French cinema, naturally, has perfected the form, whether treating lovers as chess pieces in Max Ophüls’s glorious The Earrings of Madame de… (1953), a lavish belle epoque carousel of hearts that loves the game more than it does the players, or stripping things back to the frank New Wave modernity of François Truffaut’s Jules and Jim (1962), where the vibrant, free-thinking Jeanne Moreau ostensibly comes between two male pals, though it’d be more accurate to say she’s the locus of their friendship.

Depending on how you tilt it, the love triangle can be played for effervescent comedy or shattering drama. On the latter front, romantic conflict has rarely been as life-and-death elemental or ultimately cathartic as in FW Murnau’s immortal 1927 silent movie Sunrise: A Song of Two Humans (free to watch, with ads, on Amazon Freevee), a town-versus-country duel whose very title tips you off as to which pairing is the true one, though it’s no less moving for its preordained conclusion. Jane Campion’s The Piano (1993), a searingly erotic fable of abuse and self-liberation, often plays like a silent film transplanted to a more feminist storytelling era, and not just because of Holly Hunter’s mute, haunting heroine. And in Terrence Malick’s Days of Heaven (1978), one dazzling golden-hour composition after another doesn’t mollify the raw feeling driving its rural romance of duplicitous seduction and switched allegiances.

It’s a world away from the fleet, sparkling roundelay of affections in a romantic comedy such as George Cukor’s The Philadelphia Story (1941), where hearts are traded as quickly and easily as casual, witty barbs, and a Shakespearean all’s-well-that-ends-well sensibility tends to smooth over any hurt feelings.
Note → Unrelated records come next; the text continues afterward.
(* Let $k_1,\dots,k_l$ be positive integers with $(k_1,\dots,k_l)\ne(1,1,\dots,1)$ and put $k=k_1+\cdots+k_l$. Then \[ \sum_{i=1}^l\sum_{j=0}^{k_i-2}\zeta_q^t(k_i-j,k_{i+1},\dots,k_l,k_1,\dots,k_{i-1},j+1) =(1-t)\sum_{i=1}^l\zeta_q^t(k_i+1,k_{i+1},\dots,k_l,k_1,\dots,k_{i-1}) +t^l\sum_{i=0}^l(k-i)(1-q)^i\binom{l}{i}\zeta_q^t(k-i+1). \]
   Context: Let $q$, $t$ be formal parameters and $[n]=\frac{1-q^n}{1-q}$. For positive integers $k_1,\dots,k_l$ with $k_1\ge 2$ put $\zeta_q(k_1,\dots,k_l)=\sum_{m_1>m_2>\cdots>m_l\ge1}\prod_{a=1}^l \frac{q^{(k_a-1)m_a}}{[m_a]^{k_a}}\in\mathbb{Q}[[q]]$. The weight of an index $(k_1,\dots,k_l)$ is $k_1+\cdots+k_l$ and its depth is $l$. Define $\zeta_q^t(k_1,\dots,k_l)=\sum'_{\mathbf p}(1-q)^{k-\mathrm{wt}(\mathbf p)}\zeta_q(\mathbf p)\,t^{l-\mathrm{dep}(\mathbf p)}\in\mathbb{Q}[[q]][t]$, where $k=k_1+\cdots+k_l$ and $\mathbf p$ runs over all indices of the form $(k_1\ \square\ k_2\ \square\cdots\square\ k_l)$ in which each $\square$ is filled by one of the three symbols "," (comma), "$+$" or "$-1+$". In particular $\zeta_q^t(n)=\zeta_q(n)=\sum_{m\ge1}q^{(n-1)m}/[m]^n$. An inner sum $\sum_{j=0}^{k_i-2}$ is empty when $k_i=1$. *)

theory Defs
  imports "HOL-Computational_Algebra.Formal_Power_Series" "HOL-Computational_Algebra.Polynomial"
begin

definition qint :: "nat \<Rightarrow> rat fps" where
  "qint m = (1 - fps_X ^ m) * inverse (1 - fps_X)"

definition zq_term :: "nat list \<Rightarrow> nat list \<Rightarrow> rat fps" where
  "zq_term ks ms = (\<Prod>a<length ks. fps_X ^ ((ks!a - 1) * ms!a) * inverse (qint (ms!a)) ^ (ks!a))"

text \<open>zeta_q(k_1,...,k_l) = sum over m_1 > ... > m_l \<ge> 1. For k_1 \<ge> 2 the summand has
  q-order at least m_1, so the coefficient of q^N only involves tuples with m_1 \<le> N;
  the formal (q-adically convergent) sum is therefore given coefficientwise by finite sums.\<close>
definition zeta_q :: "nat list \<Rightarrow> rat fps" where
  "zeta_q ks = Abs_fps (\<lambda>N. fps_nth
     (\<Sum>ms\<in>{ms. length ms = length ks \<and> sorted_wrt (>) ms \<and> set ms \<subseteq> {1..N}}. zq_term ks ms) N)"

text \<open>All indices obtained by filling each box between consecutive entries with
  ",", "+" or "-1+" (listed with multiplicity, one per filling).\<close>
fun fillings :: "nat list \<Rightarrow> nat list list" where
  "fillings [] = [[]]"
| "fillings [k] = [[k]]"
| "fillings (k # k' # ks) =
     concat (map (\<lambda>p. [k # p, (k + hd p) # tl p, (k + hd p - 1) # tl p]) (fillings (k' # ks)))"

definition zeta_qt :: "nat list \<Rightarrow> rat fps poly" where
  "zeta_qt ks = (\<Sum>p\<leftarrow>fillings ks.
      monom ((1 - fps_X) ^ (sum_list ks - sum_list p) * zeta_q p) (length ks - length p))"

end

theory Submission
  imports Defs
begin

text \<open>
  Write \<open>f k m = q^((k - 1) m) / [m]^k\<close> (\<open>zterm\<close>), fix \<open>N\<close> and compare both sides
  modulo \<open>q^(N + 1)\<close>. For \<open>k\<^sub>1 \<ge> 2\<close>, \<open>\<zeta>\<^sub>q\<^sup>t(k)\<close> is congruent to the sum of
  \<open>\<Prod>\<^sub>a f k\<^sub>a m\<^sub>a\<close> over \<open>N \<ge> m\<^sub>1 \<ge> \<dots> \<ge> m\<^sub>l \<ge> 1\<close> with a factor \<open>t\<close> for each
  equality: merging equal indices by \<open>f k m f k' m = f (k + k') m + (1 - q) f (k + k' - 1) m\<close>
  reproduces the sum over fillings. For one rotation, the sum over \<open>j\<close> on the left is
  evaluated by the partial fraction identity
  \<open>\<Sum>\<^sub>j f (k - j) a f (j + 1) b = f k b (1/[a - b] - 1/[a]) - q^(a - b)/[a - b] f k a\<close>
  for \<open>a > b\<close>, after which the sum over \<open>a\<close> telescopes. Adding all cyclic rotations, the
  boundary terms cancel, the terms with raised first entry give the \<open>(1 - t)\<close> part, the
  diagonal \<open>a = b\<close> gives the \<open>t^l\<close> part by the binomial theorem, and the remainder has
  q-order above \<open>N\<close> because the index is not all ones.
\<close>

unbundle fps_syntax

section \<open>q-integers and the summands of zeta_q\<close>

lemma qint_nth: "qint m $ i = (if i < m then 1 else 0)"
  unfolding qint_def fps_inverse_one_minus_fps_X
  by (auto simp: algebra_simps fps_X_power_mult_right_nth)

definition qinv :: "nat \<Rightarrow> rat fps" where
  "qinv m = inverse (qint m)"

definition zterm :: "nat \<Rightarrow> nat \<Rightarrow> rat fps" where
  "zterm k m = fps_X ^ ((k - 1) * m) * qinv m ^ k"

definition gterm :: "nat \<Rightarrow> rat fps" where
  "gterm m = fps_X ^ m * qinv m"

lemma qint_mult_qinv: "m \<ge> 1 \<Longrightarrow> qint m * qinv m = 1"
  unfolding qinv_def by (rule inverse_mult_eq_1') (simp add: qint_nth)

lemma qinv_0 [simp]: "qinv 0 = 0"
proof -
  have "qint 0 = 0" by (rule fps_ext) (simp add: qint_nth)
  thus ?thesis by (simp add: qinv_def)
qed

lemma one_minus_X_mult_qint: "(1 - fps_X) * qint m = 1 - fps_X ^ m"
proof -
  have "(1 - fps_X) * inverse (1 - fps_X :: rat fps) = 1"
    by (rule inverse_mult_eq_1') simp
  thus ?thesis unfolding qint_def by (simp add: mult.left_commute)
qed

lemma qint_add: "qint (b + d) = qint b + fps_X ^ b * qint d"
  by (rule fps_ext) (auto simp: qint_nth fps_X_power_mult_nth)

lemma one_minus_X_eq_mult_qinv: "m \<ge> 1 \<Longrightarrow> 1 - fps_X = (1 - fps_X ^ m) * qinv m"
  using qint_mult_qinv[of m]
  by (metis mult.assoc mult.right_neutral one_minus_X_mult_qint)

lemma qinv_eq_gterm: "m \<ge> 1 \<Longrightarrow> qinv m = gterm m + (1 - fps_X)"
  unfolding gterm_def one_minus_X_eq_mult_qinv[of m] by (simp add: algebra_simps)

lemma zterm_Suc: "k \<ge> 1 \<Longrightarrow> zterm (Suc k) m = gterm m * zterm k m"
  by (cases k) (simp_all add: zterm_def gterm_def power_add algebra_simps)

lemma zterm_0 [simp]: "k \<ge> 1 \<Longrightarrow> zterm k 0 = 0"
  by (simp add: zterm_def)

text \<open>Partial fractions, resting on \<open>[a] = [a - b] + q^(a - b) [b]\<close>.\<close>
lemma qinv_partial_fraction:
  assumes "1 \<le> b" "b < a"
  shows "fps_X ^ a * qinv a * qinv (a - b) = fps_X ^ b * qinv b * (qinv (a - b) - qinv a)"
proof -
  define d where "d = a - b"
  have a: "a = d + b" and d: "1 \<le> d" using assms by (auto simp: d_def)
  have inv: "qint a * qinv a = 1" "qint b * qinv b = 1" "qint d * qinv d = 1"
    using qint_mult_qinv assms d by auto
  have "qinv d - qinv a = qinv d * qinv a * (qint a - qint d)"
    using inv by (simp add: algebra_simps)
  also have "\<dots> = qinv d * qinv a * fps_X ^ d * qint b"
    using qint_add[of d b] by (simp add: a add.commute)
  finally have diff: "qinv d - qinv a = qinv d * qinv a * fps_X ^ d * qint b" .
  have "fps_X ^ b * qinv b * (qinv d - qinv a)
      = fps_X ^ (d + b) * qinv a * qinv d * (qint b * qinv b)"
    unfolding diff by (simp add: power_add algebra_simps)
  also have "\<dots> = fps_X ^ a * qinv a * qinv d"
    using inv by (simp add: a)
  finally show ?thesis unfolding d_def by simp
qed

lemma qinv_partial_fraction_gterm:
  "1 \<le> b \<Longrightarrow> b < a \<Longrightarrow> qinv b * (qinv (a - b) - qinv a) = gterm (a - b) * qinv a"
proof -
  assume "1 \<le> b" "b < a"
  moreover have "fps_X ^ a = fps_X ^ b * (fps_X ^ (a - b) :: rat fps)"
    using \<open>b < a\<close> by (simp add: power_add[symmetric])
  ultimately have "fps_X ^ b * (qinv b * (qinv (a - b) - qinv a)) = fps_X ^ b * (gterm (a - b) * qinv a)"
    using qinv_partial_fraction[of b a] by (simp add: gterm_def algebra_simps)
  thus ?thesis by simp
qed

lemma zterm_convolution:
  assumes "1 \<le> k" "1 \<le> b" "b < a"
  shows "(\<Sum>j<k - 1. zterm (k - j) a * zterm (j + 1) b)
           = zterm k b * (qinv (a - b) - qinv a) - gterm (a - b) * zterm k a"
  using assms(1)
proof (induction k rule: nat_induct_at_least)
  case base
  thus ?case using qinv_partial_fraction_gterm[OF assms(2,3)] by (simp add: zterm_def)
next
  case (Suc k)
  have gterm_a: "gterm a * qinv (a - b) = gterm b * (qinv (a - b) - qinv a)"
    using qinv_partial_fraction[OF assms(2,3)] by (simp add: gterm_def algebra_simps)
  have z2: "zterm 2 a = gterm a * qinv a"
    by (simp add: zterm_def gterm_def power2_eq_square)
  obtain k' where k: "k = Suc k'" using Suc.hyps by (cases k) auto
  have "(\<Sum>j<k'. zterm (Suc k - j) a * zterm (j + 1) b)
      = gterm a * (\<Sum>j<k - 1. zterm (k - j) a * zterm (j + 1) b)"
    unfolding sum_distrib_left using k by (intro sum.cong) (auto simp: zterm_Suc Suc_diff_le)
  hence "(\<Sum>j<Suc k - 1. zterm (Suc k - j) a * zterm (j + 1) b)
      = gterm a * (\<Sum>j<k - 1. zterm (k - j) a * zterm (j + 1) b) + zterm 2 a * zterm k b"
    using k by (simp add: numeral_2_eq_2)
  also have "\<dots> = zterm k b * (gterm a * qinv (a - b)) - gterm (a - b) * (gterm a * zterm k a)"
    unfolding Suc.IH z2 by (simp add: algebra_simps)
  also have "\<dots> = zterm (Suc k) b * (qinv (a - b) - qinv a) - gterm (a - b) * zterm (Suc k) a"
    unfolding gterm_a using zterm_Suc[OF Suc.hyps] by (simp add: algebra_simps)
  finally show ?case .
qed

lemma zterm_convolution_diag:
  "(\<Sum>j<k - 1. zterm (k - j) a * zterm (j + 1) a)
     = of_nat (k - 1) * (fps_X ^ ((k - 1) * a) * qinv a ^ (k + 1))"
proof -
  have "zterm (k - j) a * zterm (j + 1) a = fps_X ^ ((k - 1) * a) * qinv a ^ (k + 1)"
    if "j < k - 1" for j
  proof -
    have "(k - j - 1) * a + j * a = (k - 1) * a" "k - j + (j + 1) = k + 1"
      using that by (simp_all add: add_mult_distrib[symmetric])
    thus ?thesis unfolding zterm_def by (simp add: power_add[symmetric] algebra_simps)
  qed
  thus ?thesis by simp
qed

lemma zterm_mult_same:
  assumes "1 \<le> k" "1 \<le> k'" "1 \<le> a"
  shows "zterm k a * zterm k' a = zterm (k + k') a + (1 - fps_X) * zterm (k + k' - 1) a"
proof -
  define s where "s = k + k' - 2"
  have s_eq: "(k - 1) + (k' - 1) = s" using assms by (simp add: s_def)
  have s: "k + k' = s + 2" "k + k' - 1 = s + 1" "(k - 1) * a + (k' - 1) * a = s * a"
    using assms unfolding s_eq[symmetric] add_mult_distrib by simp_all
  have "zterm k a * zterm k' a
      = (fps_X ^ ((k - 1) * a) * fps_X ^ ((k' - 1) * a)) * (qinv a ^ k * qinv a ^ k')"
    by (simp add: zterm_def mult_ac)
  also have "\<dots> = fps_X ^ (s * a) * qinv a ^ (s + 1) * qinv a"
    by (simp only: power_add[symmetric] s(1,3) mult.assoc) simp
  also have "\<dots> = fps_X ^ (s * a) * qinv a ^ (s + 1) * (gterm a + (1 - fps_X))"
    using qinv_eq_gterm[OF assms(3)] by simp
  finally show ?thesis
    unfolding zterm_def s(1,2) by (simp add: gterm_def power_add algebra_simps)
qed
Billy Wilder used the formula to put different generations of masculinity in competition – over a perfectly winsome Audrey Hepburn, of course – in Sabrina (1954), with Humphrey Bogart’s crusty paternalism prevailing over William Holden’s flash machismo. The most interesting modern twist on the triangulated romcom, meanwhile, remains My Best Friend’s Wedding (1997), in which Julia Roberts’s calculated nuptials-crasher is both heroine and villain, too smart by half for the sweetly dull coupling she’s trying to disrupt.

Queer love triangles, meanwhile, have their own rules and codes – and ought to be considerably more interesting than the drab melodrama of the recent Harry Styles vehicle My Policeman (Prime Video). The underseen German film Free Fall (2013) covers comparable territory – with a cop protagonist to boot – in far more muscular fashion. Sadly unavailable to stream, but on DVD, John Schlesinger’s Sunday Bloody Sunday (1971) remains the great example of bisexual complexity, while Alfonso Cuarón’s wonderful Y Tu Mamá También (2001), also available only on DVD, uses a multidirectional threesome to open up the world for two young men still learning what they want in life. Finally, Yorgos Lanthimos’s wily, hilarious The Favourite (2018) proves that love triangles can be most riveting when you take men out of the equation entirely, or at least leave them as patsies on the side.

Also new on streaming and DVD

UK Jewish film festival online
After unfolding in cinemas over the past week, this annual feast of Jewish-oriented movies will open itself to streaming audiences from 21 to 27 November. Highlights of the programme include Israel’s official 2023 Oscars submission Cinema Sabaya, an uplifting portrait of a women’s film-making collective, and the stirring gay sports drama The Swimmer.

Nope
(Universal)
Jordan Peele’s exquisitely crafted, sleekly cryptic, western-infused UFO puzzler doesn’t have the crowd-pleasing immediacy of Get Out or the startling metaphorical power of Us, but still offers plenty to tease the mind and senses, confirming his status as one of Hollywood’s most essential current genre artists.

The Forgiven
(All platforms from 21 November)
John Michael McDonagh’s thriller about wealthy Londoners facing the consequences of a hit and run in the Moroccan desert has a 1990s-style travelogue gloss that slightly dulls the political impact of its story – but it’s luridly diverting and excellently played by Ralph Fiennes and Jessica Chastain.